And it was late that night that Lestrade found himself alone, padding slowly down the platform of Blackfriars Station, his hands locked behind his back, his bowler atilt on his head. The last train had gone. And the iron gears of the station clock chimed midnight. A passing pigeon, flapping homeward to its roost in the wrought-iron eaves, left its calling card on Lestrade’s shoulder. He was about to deal with it as deftly as he could when a shadow flitted across the platform ahead. He broke his stride, half turned and flattened himself against the wall of the little covered waiting room.

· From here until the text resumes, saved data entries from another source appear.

(* Let $B$ be any group, $\sigma=(1,2)$, and let $w=(r_1,\ r_1^{-1}[f,g])\in B\wr C_2$ with $r_1,f,g\in B$. Put $a_{2,1}=(f^{-1})^{r_1^{-1}}$, $a_{2,2}=r_1a_{2,1}$, $a_{1,2}=g^{a_{2,2}^{-1}}$. Then $$w=\big[(e,a_{1,2})\sigma,\ (a_{2,1},a_{2,2})\big].$$
   Context: $B\wr C_2=B^2\rtimes C_2$, elements written $(g_1,g_2)\pi$ with multiplication $(g_1,g_2)\pi\cdot(h_1,h_2)\tau=(g_1h_{\pi(1)},g_2h_{\pi(2)})\pi\tau$. Conventions: $[a,b]=aba^{-1}b^{-1}$, $a^b=bab^{-1}$. *)

theory Defs
  imports "HOL-Algebra.Group"
begin

text \<open>An element (g1,g2)pi is encoded as
  the triple (g1, g2, p) where p = True means pi = sigma = (1,2) and p = False means pi = id.
  Multiplication: (g1,g2)pi (h1,h2)tau = (g1 h_{pi(1)}, g2 h_{pi(2)}) pi tau.\<close>

definition wr2 :: "('a, 'm) monoid_scheme \<Rightarrow> ('a \<times> 'a \<times> bool) monoid" where
  "wr2 B = \<lparr> carrier = carrier B \<times> carrier B \<times> UNIV,
             mult = (\<lambda>(g1, g2, p) (h1, h2, q).
                       (if p then (g1 \<otimes>\<^bsub>B\<^esub> h2, g2 \<otimes>\<^bsub>B\<^esub> h1, p \<noteq> q)
                             else (g1 \<otimes>\<^bsub>B\<^esub> h1, g2 \<otimes>\<^bsub>B\<^esub> h2, q))),
             one = (\<one>\<^bsub>B\<^esub>, \<one>\<^bsub>B\<^esub>, False) \<rparr>"

definition commutator :: "('a, 'm) monoid_scheme \<Rightarrow> 'a \<Rightarrow> 'a \<Rightarrow> 'a" where
  "commutator G a b = a \<otimes>\<^bsub>G\<^esub> b \<otimes>\<^bsub>G\<^esub> inv\<^bsub>G\<^esub> a \<otimes>\<^bsub>G\<^esub> inv\<^bsub>G\<^esub> b"

text \<open>Conjugation a^b = b a b^{-1}.\<close>
definition conjug :: "('a, 'm) monoid_scheme \<Rightarrow> 'a \<Rightarrow> 'a \<Rightarrow> 'a" where
  "conjug G a b = b \<otimes>\<^bsub>G\<^esub> a \<otimes>\<^bsub>G\<^esub> inv\<^bsub>G\<^esub> b"

end

theory Submission
  imports Defs
begin

text \<open>Multiplying out, the commutator of \<open>(e, a)\<sigma>\<close> with a base element \<open>(b\<^sub>1, b\<^sub>2)\<close> is the
  base element \<open>(b\<^sub>2 b\<^sub>1\<^sup>-\<^sup>1, a b\<^sub>1 a\<^sup>-\<^sup>1 b\<^sub>2\<^sup>-\<^sup>1)\<close>. With the given choice of \<open>a\<^sub>2\<^sub>1, a\<^sub>2\<^sub>2, a\<^sub>1\<^sub>2\<close> the
  first coordinate is \<open>r\<^sub>1\<close>, and the second telescopes to \<open>r\<^sub>1\<^sup>-\<^sup>1 f g f\<^sup>-\<^sup>1 g\<^sup>-\<^sup>1\<close>.\<close>

lemma carrier_wr2 [simp]: "carrier (wr2 B) = carrier B \<times> carrier B \<times> UNIV"
  by (simp add: wr2_def)

lemma one_wr2 [simp]: "\<one>\<^bsub>wr2 B\<^esub> = (\<one>\<^bsub>B\<^esub>, \<one>\<^bsub>B\<^esub>, False)"
  by (simp add: wr2_def)

lemma mult_wr2 [simp]:
  "(g1, g2, True) \<otimes>\<^bsub>wr2 B\<^esub> (h1, h2, q) = (g1 \<otimes>\<^bsub>B\<^esub> h2, g2 \<otimes>\<^bsub>B\<^esub> h1, \<not> q)"
  "(g1, g2, False) \<otimes>\<^bsub>wr2 B\<^esub> (h1, h2, q) = (g1 \<otimes>\<^bsub>B\<^esub> h1, g2 \<otimes>\<^bsub>B\<^esub> h2, q)"
  by (simp_all add: wr2_def)

lemma group_wr2:
  assumes "group B"
  shows "group (wr2 B)"
proof -
  interpret group B by fact
  have left_inverse: "\<exists>y \<in> carrier (wr2 B). y \<otimes>\<^bsub>wr2 B\<^esub> (x1, x2, p) = \<one>\<^bsub>wr2 B\<^esub>"
    if "x1 \<in> carrier B" and "x2 \<in> carrier B" for x1 x2 p
  proof (cases p)
    case True
    with that show ?thesis by (intro bexI[of _ "(inv\<^bsub>B\<^esub> x2, inv\<^bsub>B\<^esub> x1, True)"]) auto
  next
    case False
    with that show ?thesis by (intro bexI[of _ "(inv\<^bsub>B\<^esub> x1, inv\<^bsub>B\<^esub> x2, False)"]) auto
  qed
  show ?thesis
  proof (rule groupI)
    fix x
    assume "x \<in> carrier (wr2 B)"
    then show "\<exists>y \<in> carrier (wr2 B). y \<otimes>\<^bsub>wr2 B\<^esub> x = \<one>\<^bsub>wr2 B\<^esub>"
      using left_inverse by auto
  qed (auto simp: wr2_def m_assoc split: if_splits)
qed

lemma inv_wr2:
  assumes "group B" and "a \<in> carrier B" and "b \<in> carrier B"
  shows "inv\<^bsub>wr2 B\<^esub> (a, b, True) = (inv\<^bsub>B\<^esub> b, inv\<^bsub>B\<^esub> a, True)"
    and "inv\<^bsub>wr2 B\<^esub> (a, b, False) = (inv\<^bsub>B\<^esub> a, inv\<^bsub>B\<^esub> b, False)"
proof -
  interpret group B by fact
  interpret W: group "wr2 B" using group_wr2 assms(1) .
  show "inv\<^bsub>wr2 B\<^esub> (a, b, True) = (inv\<^bsub>B\<^esub> b, inv\<^bsub>B\<^esub> a, True)"
    by (rule W.inv_equality) (simp_all add: assms)
  show "inv\<^bsub>wr2 B\<^esub> (a, b, False) = (inv\<^bsub>B\<^esub> a, inv\<^bsub>B\<^esub> b, False)"
    by (rule W.inv_equality) (simp_all add: assms)
qed

lemma commutator_wr2_swap_base:
  assumes "group B" and "a \<in> carrier B" and "b1 \<in> carrier B" and "b2 \<in> carrier B"
  shows "commutator (wr2 B) (\<one>\<^bsub>B\<^esub>, a, True) (b1, b2, False)
       = (b2 \<otimes>\<^bsub>B\<^esub> inv\<^bsub>B\<^esub> b1, a \<otimes>\<^bsub>B\<^esub> b1 \<otimes>\<^bsub>B\<^esub> inv\<^bsub>B\<^esub> a \<otimes>\<^bsub>B\<^esub> inv\<^bsub>B\<^esub> b2, False)"
proof -
  interpret group B by fact
  show ?thesis
    using assms by (simp add: commutator_def inv_wr2 m_assoc del: inv_one)
qed

lemma (in group) conjug_closed [simp]:
  "a \<in> carrier G \<Longrightarrow> b \<in> carrier G \<Longrightarrow> conjug G a b \<in> carrier G"
  by (simp add: conjug_def)

lemma (in group) commutator_witness_coordinates:
  assumes "r1 \<in> carrier G" and "f \<in> carrier G" and "g \<in> carrier G"
    and a21_def: "a21 = conjug G (inv f) (inv r1)"
    and a22_def: "a22 = r1 \<otimes> a21"
    and a12_def: "a12 = conjug G g (inv a22)"
  shows "a22 \<otimes> inv a21 = r1"
    and "a12 \<otimes> a21 \<otimes> inv a12 \<otimes> inv a22 = inv r1 \<otimes> commutator G f g"
proof -
  have cancel [simp]: "x \<otimes> (inv x \<otimes> y) = y" "inv x \<otimes> (x \<otimes> y) = y"
    if "x \<in> carrier G" and "y \<in> carrier G" for x y
    using that by (simp_all add: m_assoc[symmetric])
  have a21: "a21 = inv r1 \<otimes> inv f \<otimes> r1"
    using assms(1,2) by (simp add: a21_def conjug_def)
  have a22: "a22 = inv f \<otimes> r1"
    using assms(1,2) by (simp add: a22_def a21 m_assoc[symmetric])
  have a12: "a12 = inv r1 \<otimes> f \<otimes> g \<otimes> inv f \<otimes> r1"
    using assms(1-3) by (simp add: a12_def conjug_def a22 inv_mult_group m_assoc)
  show "a22 \<otimes> inv a21 = r1"
    using assms(1,2) by (simp add: a22 a21 inv_mult_group m_assoc)
  show "a12 \<otimes> a21 \<otimes> inv a12 \<otimes> inv a22 = inv r1 \<otimes> commutator G f g"
    using assms(1-3) by (simp add: a12 a21 a22 inv_mult_group m_assoc commutator_def)
qed

theorem corollary1:
  fixes B :: "('a, 'm) monoid_scheme" and r1 f g :: 'a
  assumes "group B"
    and "r1 \<in> carrier B" and "f \<in> carrier B" and "g \<in> carrier B"
  shows "let a21 = conjug B (inv\<^bsub>B\<^esub> f) (inv\<^bsub>B\<^esub> r1);
             a22 = r1 \<otimes>\<^bsub>B\<^esub> a21;
             a12 = conjug B g (inv\<^bsub>B\<^esub> a22)
         in (r1, inv\<^bsub>B\<^esub> r1 \<otimes>\<^bsub>B\<^esub> commutator B f g, False)
            = commutator (wr2 B) (\<one>\<^bsub>B\<^esub>, a12, True) (a21, a22, False)"
proof -
  interpret group B by fact
  show ?thesis
    using assms
    by (simp add: Let_def commutator_wr2_swap_base commutator_witness_coordinates)
qed

end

There was no sound now, only the distant barges on the river wailing under the moon. The hiss of steam had gone; so had the clang of girders as they expanded and contracted in the summer’s heat. He poked his head round the corner. Nothing. He edged one shoulder out, sticky with pigeon droppings, and he sidled into the moonlight. The waiting room, for all its glass sides, had dark corners, deep shadows. The Inspector felt the warm brass of the knuckles in his pocket and placed a foot gingerly on the brass step at the door. A faded poster urged him to take the Great Northern Railway to Doncaster, an invitation he found curiously easy to decline. Another, ripped and peeling, offered an exhilarating evening in the company of Martha Arthur And Her Amazing Chameleons. Sadly, Lestrade had missed it by nearly three years.
‘Now, Ivan,’ Lestrade said softly, ‘we aren’t going to have any tricks, are we? We’re both too old for tricks.’
There was a chuckle in the darkest corner of the room. ‘You always were a flatfoot, Sholto Lestrade. If I was a trasseno, you’d be dead by now.’
Lestrade swept off his hat and sat in the opposite corner. ‘If you were a trasseno, Ivan, I wouldn’t have come. How long has it been?’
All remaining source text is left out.